## [Task input]
────
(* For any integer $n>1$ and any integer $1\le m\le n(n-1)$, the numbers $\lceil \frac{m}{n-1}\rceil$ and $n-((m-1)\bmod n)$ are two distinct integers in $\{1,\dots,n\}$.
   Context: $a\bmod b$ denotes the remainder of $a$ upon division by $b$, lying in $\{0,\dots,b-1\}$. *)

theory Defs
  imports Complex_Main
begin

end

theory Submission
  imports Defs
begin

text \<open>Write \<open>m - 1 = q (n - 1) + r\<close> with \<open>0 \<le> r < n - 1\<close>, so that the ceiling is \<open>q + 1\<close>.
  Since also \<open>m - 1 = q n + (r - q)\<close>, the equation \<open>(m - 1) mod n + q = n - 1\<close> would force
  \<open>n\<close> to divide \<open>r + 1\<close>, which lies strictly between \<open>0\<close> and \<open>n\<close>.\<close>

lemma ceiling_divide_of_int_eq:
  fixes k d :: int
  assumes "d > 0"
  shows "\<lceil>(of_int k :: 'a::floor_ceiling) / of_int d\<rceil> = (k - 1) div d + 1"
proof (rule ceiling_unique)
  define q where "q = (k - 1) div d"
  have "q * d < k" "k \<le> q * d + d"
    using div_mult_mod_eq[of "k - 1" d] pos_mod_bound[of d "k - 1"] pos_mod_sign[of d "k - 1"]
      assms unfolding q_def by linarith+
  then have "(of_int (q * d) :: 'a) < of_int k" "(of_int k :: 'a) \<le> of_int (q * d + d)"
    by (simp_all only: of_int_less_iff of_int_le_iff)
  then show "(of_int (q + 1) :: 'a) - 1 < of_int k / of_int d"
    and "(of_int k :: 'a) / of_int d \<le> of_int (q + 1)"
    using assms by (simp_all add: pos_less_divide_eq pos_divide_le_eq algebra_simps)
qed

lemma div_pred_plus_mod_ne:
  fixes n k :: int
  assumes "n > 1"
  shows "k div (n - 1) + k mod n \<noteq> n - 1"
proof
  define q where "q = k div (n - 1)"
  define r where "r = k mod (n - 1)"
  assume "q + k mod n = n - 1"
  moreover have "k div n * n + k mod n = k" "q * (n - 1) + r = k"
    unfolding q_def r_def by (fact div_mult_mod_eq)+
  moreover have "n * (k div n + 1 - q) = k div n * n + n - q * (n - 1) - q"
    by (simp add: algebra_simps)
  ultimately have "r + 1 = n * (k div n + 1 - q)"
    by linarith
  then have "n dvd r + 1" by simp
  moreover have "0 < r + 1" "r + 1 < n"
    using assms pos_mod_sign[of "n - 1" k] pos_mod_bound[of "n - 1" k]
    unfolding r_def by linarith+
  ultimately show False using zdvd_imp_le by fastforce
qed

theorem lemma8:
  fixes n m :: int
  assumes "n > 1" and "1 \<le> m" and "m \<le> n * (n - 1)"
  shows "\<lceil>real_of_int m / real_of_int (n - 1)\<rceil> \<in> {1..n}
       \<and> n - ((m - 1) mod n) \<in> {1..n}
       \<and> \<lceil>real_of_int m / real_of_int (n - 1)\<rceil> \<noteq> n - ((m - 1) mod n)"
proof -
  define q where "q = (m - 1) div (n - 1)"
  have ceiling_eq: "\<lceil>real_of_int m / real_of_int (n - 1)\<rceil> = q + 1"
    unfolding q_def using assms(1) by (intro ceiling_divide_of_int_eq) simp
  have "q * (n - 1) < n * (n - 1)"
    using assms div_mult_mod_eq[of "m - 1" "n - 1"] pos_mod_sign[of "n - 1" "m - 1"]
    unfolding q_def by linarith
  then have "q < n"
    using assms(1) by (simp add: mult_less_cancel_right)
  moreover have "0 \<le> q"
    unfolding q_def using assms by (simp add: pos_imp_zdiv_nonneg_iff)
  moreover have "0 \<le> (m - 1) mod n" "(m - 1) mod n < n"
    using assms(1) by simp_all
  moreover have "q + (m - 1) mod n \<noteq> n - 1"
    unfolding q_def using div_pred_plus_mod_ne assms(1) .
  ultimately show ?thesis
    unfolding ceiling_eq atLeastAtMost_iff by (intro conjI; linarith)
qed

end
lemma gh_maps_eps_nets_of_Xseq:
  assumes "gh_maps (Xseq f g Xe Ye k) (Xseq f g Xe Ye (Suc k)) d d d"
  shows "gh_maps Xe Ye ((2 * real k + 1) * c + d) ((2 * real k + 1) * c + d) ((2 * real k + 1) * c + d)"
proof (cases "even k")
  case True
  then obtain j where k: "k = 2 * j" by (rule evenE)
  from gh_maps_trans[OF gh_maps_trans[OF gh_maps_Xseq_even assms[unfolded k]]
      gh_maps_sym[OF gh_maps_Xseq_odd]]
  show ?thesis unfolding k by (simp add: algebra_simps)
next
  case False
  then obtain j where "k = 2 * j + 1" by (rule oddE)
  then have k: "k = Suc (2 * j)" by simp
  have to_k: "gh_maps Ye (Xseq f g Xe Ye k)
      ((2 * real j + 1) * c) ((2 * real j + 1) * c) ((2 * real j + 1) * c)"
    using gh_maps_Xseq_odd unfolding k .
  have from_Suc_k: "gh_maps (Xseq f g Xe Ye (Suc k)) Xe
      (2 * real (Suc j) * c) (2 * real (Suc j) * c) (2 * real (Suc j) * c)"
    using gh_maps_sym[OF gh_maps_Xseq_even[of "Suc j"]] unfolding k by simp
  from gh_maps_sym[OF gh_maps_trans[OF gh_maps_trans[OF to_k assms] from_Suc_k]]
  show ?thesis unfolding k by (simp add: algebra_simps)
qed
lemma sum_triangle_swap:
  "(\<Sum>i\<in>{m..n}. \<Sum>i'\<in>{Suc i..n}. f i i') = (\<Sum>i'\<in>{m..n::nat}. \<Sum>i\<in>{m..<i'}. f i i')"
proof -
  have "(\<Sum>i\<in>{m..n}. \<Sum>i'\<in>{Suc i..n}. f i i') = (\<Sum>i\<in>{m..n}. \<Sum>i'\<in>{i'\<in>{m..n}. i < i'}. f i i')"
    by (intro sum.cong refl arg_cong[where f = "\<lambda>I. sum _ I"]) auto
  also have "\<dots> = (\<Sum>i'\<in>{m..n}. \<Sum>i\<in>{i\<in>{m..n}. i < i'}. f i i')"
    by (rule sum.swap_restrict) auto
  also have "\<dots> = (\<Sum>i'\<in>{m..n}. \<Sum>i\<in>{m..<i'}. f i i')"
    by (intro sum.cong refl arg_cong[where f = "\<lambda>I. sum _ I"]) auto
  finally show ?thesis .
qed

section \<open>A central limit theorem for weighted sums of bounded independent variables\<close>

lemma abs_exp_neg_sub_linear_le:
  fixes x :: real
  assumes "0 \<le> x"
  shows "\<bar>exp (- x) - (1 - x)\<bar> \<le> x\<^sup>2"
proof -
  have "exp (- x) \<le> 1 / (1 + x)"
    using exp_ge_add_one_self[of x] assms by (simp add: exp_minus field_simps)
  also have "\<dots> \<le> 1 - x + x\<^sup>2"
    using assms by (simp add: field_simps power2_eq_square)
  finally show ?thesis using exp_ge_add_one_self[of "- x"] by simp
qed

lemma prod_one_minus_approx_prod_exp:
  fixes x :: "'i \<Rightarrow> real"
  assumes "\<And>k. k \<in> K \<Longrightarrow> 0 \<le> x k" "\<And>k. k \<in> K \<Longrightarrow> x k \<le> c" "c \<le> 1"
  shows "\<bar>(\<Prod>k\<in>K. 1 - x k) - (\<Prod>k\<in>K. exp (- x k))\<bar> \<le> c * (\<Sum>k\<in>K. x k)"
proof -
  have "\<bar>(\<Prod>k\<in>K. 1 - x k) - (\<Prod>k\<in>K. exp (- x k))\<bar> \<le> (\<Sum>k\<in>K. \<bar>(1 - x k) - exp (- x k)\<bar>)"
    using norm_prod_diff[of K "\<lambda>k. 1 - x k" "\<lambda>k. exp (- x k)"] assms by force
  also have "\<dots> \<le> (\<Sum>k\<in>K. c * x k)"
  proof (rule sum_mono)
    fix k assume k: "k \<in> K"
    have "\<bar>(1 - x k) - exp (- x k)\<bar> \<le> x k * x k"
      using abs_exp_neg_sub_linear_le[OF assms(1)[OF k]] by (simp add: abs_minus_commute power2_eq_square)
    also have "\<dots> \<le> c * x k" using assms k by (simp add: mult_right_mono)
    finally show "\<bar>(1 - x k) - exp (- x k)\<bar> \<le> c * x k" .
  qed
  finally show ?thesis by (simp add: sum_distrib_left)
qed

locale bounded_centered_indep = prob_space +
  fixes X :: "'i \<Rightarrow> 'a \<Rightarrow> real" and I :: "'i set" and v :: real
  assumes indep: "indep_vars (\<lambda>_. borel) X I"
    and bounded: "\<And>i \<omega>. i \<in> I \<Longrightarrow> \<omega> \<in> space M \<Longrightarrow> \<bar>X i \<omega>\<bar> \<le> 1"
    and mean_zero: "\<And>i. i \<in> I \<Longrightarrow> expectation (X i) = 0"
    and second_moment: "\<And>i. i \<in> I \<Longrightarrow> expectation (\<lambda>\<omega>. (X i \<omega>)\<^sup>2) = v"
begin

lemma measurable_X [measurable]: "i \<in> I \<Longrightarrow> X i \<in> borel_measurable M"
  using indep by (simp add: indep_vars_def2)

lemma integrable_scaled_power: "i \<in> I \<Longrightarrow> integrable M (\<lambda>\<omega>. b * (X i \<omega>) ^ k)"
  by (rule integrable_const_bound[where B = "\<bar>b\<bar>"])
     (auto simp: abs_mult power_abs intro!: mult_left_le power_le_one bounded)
────
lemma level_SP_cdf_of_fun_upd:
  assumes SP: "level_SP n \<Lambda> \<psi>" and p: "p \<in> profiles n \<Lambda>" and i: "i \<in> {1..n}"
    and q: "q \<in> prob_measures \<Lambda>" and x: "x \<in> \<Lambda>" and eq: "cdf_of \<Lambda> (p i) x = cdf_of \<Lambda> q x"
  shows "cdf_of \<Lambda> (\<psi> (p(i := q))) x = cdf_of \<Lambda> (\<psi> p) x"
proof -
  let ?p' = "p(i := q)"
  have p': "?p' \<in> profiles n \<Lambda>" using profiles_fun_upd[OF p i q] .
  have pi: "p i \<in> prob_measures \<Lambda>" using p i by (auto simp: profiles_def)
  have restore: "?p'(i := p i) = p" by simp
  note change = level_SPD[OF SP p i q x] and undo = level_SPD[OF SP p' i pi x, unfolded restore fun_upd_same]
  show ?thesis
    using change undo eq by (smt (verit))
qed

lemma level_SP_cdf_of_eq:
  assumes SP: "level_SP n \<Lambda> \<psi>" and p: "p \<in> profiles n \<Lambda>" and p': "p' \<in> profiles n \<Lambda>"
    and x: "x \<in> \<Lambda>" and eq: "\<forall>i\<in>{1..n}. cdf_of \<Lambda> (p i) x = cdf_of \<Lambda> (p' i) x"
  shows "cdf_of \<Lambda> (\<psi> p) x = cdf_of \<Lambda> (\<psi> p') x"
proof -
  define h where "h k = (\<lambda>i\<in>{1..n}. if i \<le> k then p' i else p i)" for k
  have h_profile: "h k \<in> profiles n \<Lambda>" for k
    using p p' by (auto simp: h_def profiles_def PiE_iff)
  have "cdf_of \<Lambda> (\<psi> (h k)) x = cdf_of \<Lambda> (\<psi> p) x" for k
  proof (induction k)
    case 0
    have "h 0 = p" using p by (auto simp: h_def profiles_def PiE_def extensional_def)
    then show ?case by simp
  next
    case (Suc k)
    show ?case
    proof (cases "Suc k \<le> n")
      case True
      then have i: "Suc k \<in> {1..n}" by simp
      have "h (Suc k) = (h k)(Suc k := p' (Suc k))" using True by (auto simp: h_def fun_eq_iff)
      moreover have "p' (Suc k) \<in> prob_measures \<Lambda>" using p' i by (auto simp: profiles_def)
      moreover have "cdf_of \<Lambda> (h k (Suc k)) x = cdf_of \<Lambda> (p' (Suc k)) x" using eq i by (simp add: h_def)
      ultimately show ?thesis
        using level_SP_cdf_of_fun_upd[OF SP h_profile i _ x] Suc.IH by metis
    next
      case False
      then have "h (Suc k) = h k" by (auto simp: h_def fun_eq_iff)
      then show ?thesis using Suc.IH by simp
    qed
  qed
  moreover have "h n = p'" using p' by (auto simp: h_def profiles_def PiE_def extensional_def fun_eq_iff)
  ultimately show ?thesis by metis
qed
────
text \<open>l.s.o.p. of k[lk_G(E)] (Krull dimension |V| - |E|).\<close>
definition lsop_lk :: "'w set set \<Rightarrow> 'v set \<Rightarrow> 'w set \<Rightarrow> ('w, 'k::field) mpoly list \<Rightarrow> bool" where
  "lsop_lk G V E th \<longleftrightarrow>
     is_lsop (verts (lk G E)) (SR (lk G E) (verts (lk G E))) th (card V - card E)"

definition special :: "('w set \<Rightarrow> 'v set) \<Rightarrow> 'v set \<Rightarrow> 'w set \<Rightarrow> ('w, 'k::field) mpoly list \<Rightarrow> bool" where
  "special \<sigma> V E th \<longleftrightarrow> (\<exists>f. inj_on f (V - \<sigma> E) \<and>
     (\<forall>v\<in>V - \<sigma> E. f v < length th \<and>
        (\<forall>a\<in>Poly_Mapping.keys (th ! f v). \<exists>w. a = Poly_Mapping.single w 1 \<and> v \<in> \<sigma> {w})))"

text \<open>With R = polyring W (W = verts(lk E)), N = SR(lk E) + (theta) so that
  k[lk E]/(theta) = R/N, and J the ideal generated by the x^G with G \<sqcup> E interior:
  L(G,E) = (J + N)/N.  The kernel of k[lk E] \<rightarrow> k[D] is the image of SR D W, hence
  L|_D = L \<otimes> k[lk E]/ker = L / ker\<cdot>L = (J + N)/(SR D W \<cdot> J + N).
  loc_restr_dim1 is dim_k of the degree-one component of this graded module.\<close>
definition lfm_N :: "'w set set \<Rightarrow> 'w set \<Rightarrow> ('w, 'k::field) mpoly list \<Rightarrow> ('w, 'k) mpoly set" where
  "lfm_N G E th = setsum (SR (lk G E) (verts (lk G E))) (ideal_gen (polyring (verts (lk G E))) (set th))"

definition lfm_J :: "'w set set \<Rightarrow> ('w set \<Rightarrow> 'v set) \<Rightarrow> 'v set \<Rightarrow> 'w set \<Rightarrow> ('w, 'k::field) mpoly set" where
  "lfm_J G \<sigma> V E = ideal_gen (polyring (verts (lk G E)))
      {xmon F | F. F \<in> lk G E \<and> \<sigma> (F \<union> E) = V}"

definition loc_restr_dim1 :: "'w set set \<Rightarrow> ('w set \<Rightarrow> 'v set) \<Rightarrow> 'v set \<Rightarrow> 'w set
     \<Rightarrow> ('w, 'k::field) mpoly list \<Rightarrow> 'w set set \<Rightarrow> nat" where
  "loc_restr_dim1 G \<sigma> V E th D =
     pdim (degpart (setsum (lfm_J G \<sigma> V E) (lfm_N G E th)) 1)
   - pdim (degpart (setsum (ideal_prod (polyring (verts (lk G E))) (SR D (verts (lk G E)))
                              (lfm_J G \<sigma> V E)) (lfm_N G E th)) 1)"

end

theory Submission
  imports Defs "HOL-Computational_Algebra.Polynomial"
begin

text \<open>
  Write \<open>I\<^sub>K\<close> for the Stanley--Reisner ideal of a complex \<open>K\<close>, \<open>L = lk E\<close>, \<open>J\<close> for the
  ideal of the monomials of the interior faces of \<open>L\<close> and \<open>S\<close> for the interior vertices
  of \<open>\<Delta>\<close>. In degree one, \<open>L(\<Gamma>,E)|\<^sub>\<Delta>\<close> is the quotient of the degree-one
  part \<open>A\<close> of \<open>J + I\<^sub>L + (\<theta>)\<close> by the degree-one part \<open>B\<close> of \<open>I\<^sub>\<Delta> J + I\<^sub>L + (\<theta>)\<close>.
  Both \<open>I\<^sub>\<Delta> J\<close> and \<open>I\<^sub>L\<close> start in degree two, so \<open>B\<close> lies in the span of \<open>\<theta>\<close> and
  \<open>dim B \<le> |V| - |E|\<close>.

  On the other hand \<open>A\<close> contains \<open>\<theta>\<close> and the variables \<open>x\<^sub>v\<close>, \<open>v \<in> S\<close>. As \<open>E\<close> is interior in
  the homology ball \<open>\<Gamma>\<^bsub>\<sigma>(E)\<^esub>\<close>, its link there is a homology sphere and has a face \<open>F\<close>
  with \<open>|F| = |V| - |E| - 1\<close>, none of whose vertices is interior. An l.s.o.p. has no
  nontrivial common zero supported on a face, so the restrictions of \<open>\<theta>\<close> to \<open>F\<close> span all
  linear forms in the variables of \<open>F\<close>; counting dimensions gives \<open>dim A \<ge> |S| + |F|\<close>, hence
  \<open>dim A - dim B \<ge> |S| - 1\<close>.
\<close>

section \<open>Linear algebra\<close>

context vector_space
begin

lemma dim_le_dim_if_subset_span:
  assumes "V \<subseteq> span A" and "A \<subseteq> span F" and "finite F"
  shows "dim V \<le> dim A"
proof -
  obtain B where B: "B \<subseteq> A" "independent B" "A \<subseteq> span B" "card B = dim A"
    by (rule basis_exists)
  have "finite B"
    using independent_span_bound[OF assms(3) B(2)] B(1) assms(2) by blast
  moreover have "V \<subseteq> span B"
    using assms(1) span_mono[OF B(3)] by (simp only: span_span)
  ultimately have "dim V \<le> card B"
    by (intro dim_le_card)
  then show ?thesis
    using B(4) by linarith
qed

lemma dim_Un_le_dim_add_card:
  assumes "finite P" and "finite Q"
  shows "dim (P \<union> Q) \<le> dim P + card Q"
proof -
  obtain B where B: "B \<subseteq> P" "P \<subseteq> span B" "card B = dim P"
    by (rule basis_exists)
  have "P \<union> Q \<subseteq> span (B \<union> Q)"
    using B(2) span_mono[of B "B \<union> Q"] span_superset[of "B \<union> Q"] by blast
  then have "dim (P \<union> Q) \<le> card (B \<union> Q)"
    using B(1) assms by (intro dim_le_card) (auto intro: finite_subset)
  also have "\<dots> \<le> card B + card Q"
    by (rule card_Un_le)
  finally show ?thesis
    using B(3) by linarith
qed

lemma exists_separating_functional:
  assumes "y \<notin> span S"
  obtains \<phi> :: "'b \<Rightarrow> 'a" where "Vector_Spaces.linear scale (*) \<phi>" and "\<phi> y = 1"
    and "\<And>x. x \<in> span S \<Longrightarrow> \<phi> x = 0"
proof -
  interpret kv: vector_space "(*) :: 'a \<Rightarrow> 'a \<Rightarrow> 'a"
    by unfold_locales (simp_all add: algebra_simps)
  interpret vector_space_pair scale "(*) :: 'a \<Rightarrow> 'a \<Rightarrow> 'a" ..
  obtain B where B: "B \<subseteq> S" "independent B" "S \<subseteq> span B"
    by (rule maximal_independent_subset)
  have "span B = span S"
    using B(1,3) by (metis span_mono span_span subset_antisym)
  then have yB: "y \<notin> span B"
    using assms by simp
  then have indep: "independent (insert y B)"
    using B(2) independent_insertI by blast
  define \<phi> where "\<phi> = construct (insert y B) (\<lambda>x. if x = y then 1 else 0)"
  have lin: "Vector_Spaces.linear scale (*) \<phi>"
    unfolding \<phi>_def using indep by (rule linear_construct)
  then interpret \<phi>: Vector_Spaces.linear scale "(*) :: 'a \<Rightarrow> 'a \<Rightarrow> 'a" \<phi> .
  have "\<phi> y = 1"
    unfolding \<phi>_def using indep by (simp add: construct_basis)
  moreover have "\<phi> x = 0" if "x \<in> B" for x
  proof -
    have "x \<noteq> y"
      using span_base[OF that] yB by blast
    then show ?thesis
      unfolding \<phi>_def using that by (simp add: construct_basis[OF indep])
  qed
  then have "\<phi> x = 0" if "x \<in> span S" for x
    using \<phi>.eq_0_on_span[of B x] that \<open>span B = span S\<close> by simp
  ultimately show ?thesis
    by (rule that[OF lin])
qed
────
In the listing above, find the line holding "(* For any integer" and the line holding "- 1 < of_int", then output those two lines and every line between them exactly.

## [Solution below]
(* For any integer $n>1$ and any integer $1\le m\le n(n-1)$, the numbers $\lceil \frac{m}{n-1}\rceil$ and $n-((m-1)\bmod n)$ are two distinct integers in $\{1,\dots,n\}$.
   Context: $a\bmod b$ denotes the remainder of $a$ upon division by $b$, lying in $\{0,\dots,b-1\}$. *)

theory Defs
  imports Complex_Main
begin

end

theory Submission
  imports Defs
begin

text \<open>Write \<open>m - 1 = q (n - 1) + r\<close> with \<open>0 \<le> r < n - 1\<close>, so that the ceiling is \<open>q + 1\<close>.
  Since also \<open>m - 1 = q n + (r - q)\<close>, the equation \<open>(m - 1) mod n + q = n - 1\<close> would force
  \<open>n\<close> to divide \<open>r + 1\<close>, which lies strictly between \<open>0\<close> and \<open>n\<close>.\<close>

lemma ceiling_divide_of_int_eq:
  fixes k d :: int
  assumes "d > 0"
  shows "\<lceil>(of_int k :: 'a::floor_ceiling) / of_int d\<rceil> = (k - 1) div d + 1"
proof (rule ceiling_unique)
  define q where "q = (k - 1) div d"
  have "q * d < k" "k \<le> q * d + d"
    using div_mult_mod_eq[of "k - 1" d] pos_mod_bound[of d "k - 1"] pos_mod_sign[of d "k - 1"]
      assms unfolding q_def by linarith+
  then have "(of_int (q * d) :: 'a) < of_int k" "(of_int k :: 'a) \<le> of_int (q * d + d)"
    by (simp_all only: of_int_less_iff of_int_le_iff)
  then show "(of_int (q + 1) :: 'a) - 1 < of_int k / of_int d"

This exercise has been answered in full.